Data listing>
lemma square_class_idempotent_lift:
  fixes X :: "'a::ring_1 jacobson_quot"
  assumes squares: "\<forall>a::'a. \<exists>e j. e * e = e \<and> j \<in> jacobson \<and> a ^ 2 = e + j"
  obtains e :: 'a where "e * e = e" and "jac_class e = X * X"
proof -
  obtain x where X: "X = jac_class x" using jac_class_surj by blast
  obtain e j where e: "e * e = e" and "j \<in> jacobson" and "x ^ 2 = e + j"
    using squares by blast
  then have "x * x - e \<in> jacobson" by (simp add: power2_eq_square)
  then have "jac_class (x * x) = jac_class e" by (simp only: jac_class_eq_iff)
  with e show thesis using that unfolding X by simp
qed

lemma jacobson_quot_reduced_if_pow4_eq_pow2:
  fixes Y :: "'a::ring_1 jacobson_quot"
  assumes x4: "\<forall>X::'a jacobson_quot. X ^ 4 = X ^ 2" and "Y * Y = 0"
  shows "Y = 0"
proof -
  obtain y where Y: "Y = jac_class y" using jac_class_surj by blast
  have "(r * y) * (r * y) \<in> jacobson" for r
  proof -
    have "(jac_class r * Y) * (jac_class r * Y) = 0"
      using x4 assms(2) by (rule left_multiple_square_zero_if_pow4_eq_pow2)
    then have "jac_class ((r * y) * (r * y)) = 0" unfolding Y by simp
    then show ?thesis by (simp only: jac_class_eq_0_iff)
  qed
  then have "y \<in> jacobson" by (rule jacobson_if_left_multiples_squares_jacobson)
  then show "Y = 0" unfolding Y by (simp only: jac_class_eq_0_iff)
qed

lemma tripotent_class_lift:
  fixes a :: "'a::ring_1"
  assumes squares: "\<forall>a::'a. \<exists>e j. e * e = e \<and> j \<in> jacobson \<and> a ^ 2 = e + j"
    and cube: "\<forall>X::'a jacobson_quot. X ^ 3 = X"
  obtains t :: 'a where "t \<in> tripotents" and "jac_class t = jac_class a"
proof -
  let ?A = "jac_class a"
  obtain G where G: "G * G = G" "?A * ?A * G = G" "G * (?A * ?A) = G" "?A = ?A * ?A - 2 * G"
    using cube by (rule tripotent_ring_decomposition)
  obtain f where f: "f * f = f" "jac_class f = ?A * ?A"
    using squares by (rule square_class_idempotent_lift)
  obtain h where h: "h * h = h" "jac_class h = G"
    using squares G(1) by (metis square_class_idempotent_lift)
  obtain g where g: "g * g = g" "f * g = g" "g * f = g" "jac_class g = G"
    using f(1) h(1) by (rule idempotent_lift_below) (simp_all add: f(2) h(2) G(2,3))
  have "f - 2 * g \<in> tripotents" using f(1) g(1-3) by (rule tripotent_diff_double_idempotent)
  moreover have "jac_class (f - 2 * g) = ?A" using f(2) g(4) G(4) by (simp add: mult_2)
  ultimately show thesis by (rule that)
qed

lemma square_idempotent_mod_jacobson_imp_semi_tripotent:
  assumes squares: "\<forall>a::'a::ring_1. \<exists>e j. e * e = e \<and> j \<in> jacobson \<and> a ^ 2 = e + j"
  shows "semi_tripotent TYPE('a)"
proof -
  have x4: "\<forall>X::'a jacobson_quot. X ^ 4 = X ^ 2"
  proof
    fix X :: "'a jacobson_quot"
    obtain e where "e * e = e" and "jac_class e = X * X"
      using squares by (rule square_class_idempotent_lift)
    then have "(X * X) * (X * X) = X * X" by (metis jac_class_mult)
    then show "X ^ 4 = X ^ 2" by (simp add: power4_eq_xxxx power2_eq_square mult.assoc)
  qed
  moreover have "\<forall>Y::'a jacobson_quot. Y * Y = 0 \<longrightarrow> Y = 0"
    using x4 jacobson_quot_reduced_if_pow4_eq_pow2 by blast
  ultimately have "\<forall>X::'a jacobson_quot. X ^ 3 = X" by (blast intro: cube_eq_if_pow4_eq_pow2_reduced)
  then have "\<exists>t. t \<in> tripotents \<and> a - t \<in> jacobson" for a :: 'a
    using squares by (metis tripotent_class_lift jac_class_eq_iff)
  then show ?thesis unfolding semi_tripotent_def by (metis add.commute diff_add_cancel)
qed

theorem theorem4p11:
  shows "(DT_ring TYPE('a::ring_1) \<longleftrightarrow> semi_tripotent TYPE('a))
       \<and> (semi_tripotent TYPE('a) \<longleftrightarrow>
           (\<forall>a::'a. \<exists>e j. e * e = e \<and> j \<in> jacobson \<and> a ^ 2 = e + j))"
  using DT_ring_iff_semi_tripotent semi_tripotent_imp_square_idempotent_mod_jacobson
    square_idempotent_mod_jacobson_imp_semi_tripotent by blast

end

Required action> From the records above, give again exactly the lines running from the line with "obtain h where" to the line with "(semi_tripotent TYPE('a) \<longleftrightarrow>", inclusive.

Exercise solution>
  obtain h where h: "h * h = h" "jac_class h = G"
    using squares G(1) by (metis square_class_idempotent_lift)
  obtain g where g: "g * g = g" "f * g = g" "g * f = g" "jac_class g = G"
    using f(1) h(1) by (rule idempotent_lift_below) (simp_all add: f(2) h(2) G(2,3))
  have "f - 2 * g \<in> tripotents" using f(1) g(1-3) by (rule tripotent_diff_double_idempotent)
  moreover have "jac_class (f - 2 * g) = ?A" using f(2) g(4) G(4) by (simp add: mult_2)
  ultimately show thesis by (rule that)
qed

lemma square_idempotent_mod_jacobson_imp_semi_tripotent:
  assumes squares: "\<forall>a::'a::ring_1. \<exists>e j. e * e = e \<and> j \<in> jacobson \<and> a ^ 2 = e + j"
  shows "semi_tripotent TYPE('a)"
proof -
  have x4: "\<forall>X::'a jacobson_quot. X ^ 4 = X ^ 2"
  proof
    fix X :: "'a jacobson_quot"
    obtain e where "e * e = e" and "jac_class e = X * X"
      using squares by (rule square_class_idempotent_lift)
    then have "(X * X) * (X * X) = X * X" by (metis jac_class_mult)
    then show "X ^ 4 = X ^ 2" by (simp add: power4_eq_xxxx power2_eq_square mult.assoc)
  qed
  moreover have "\<forall>Y::'a jacobson_quot. Y * Y = 0 \<longrightarrow> Y = 0"
    using x4 jacobson_quot_reduced_if_pow4_eq_pow2 by blast
  ultimately have "\<forall>X::'a jacobson_quot. X ^ 3 = X" by (blast intro: cube_eq_if_pow4_eq_pow2_reduced)
  then have "\<exists>t. t \<in> tripotents \<and> a - t \<in> jacobson" for a :: 'a
    using squares by (metis tripotent_class_lift jac_class_eq_iff)
  then show ?thesis unfolding semi_tripotent_def by (metis add.commute diff_add_cancel)
qed

theorem theorem4p11:
  shows "(DT_ring TYPE('a::ring_1) \<longleftrightarrow> semi_tripotent TYPE('a))
       \<and> (semi_tripotent TYPE('a) \<longleftrightarrow>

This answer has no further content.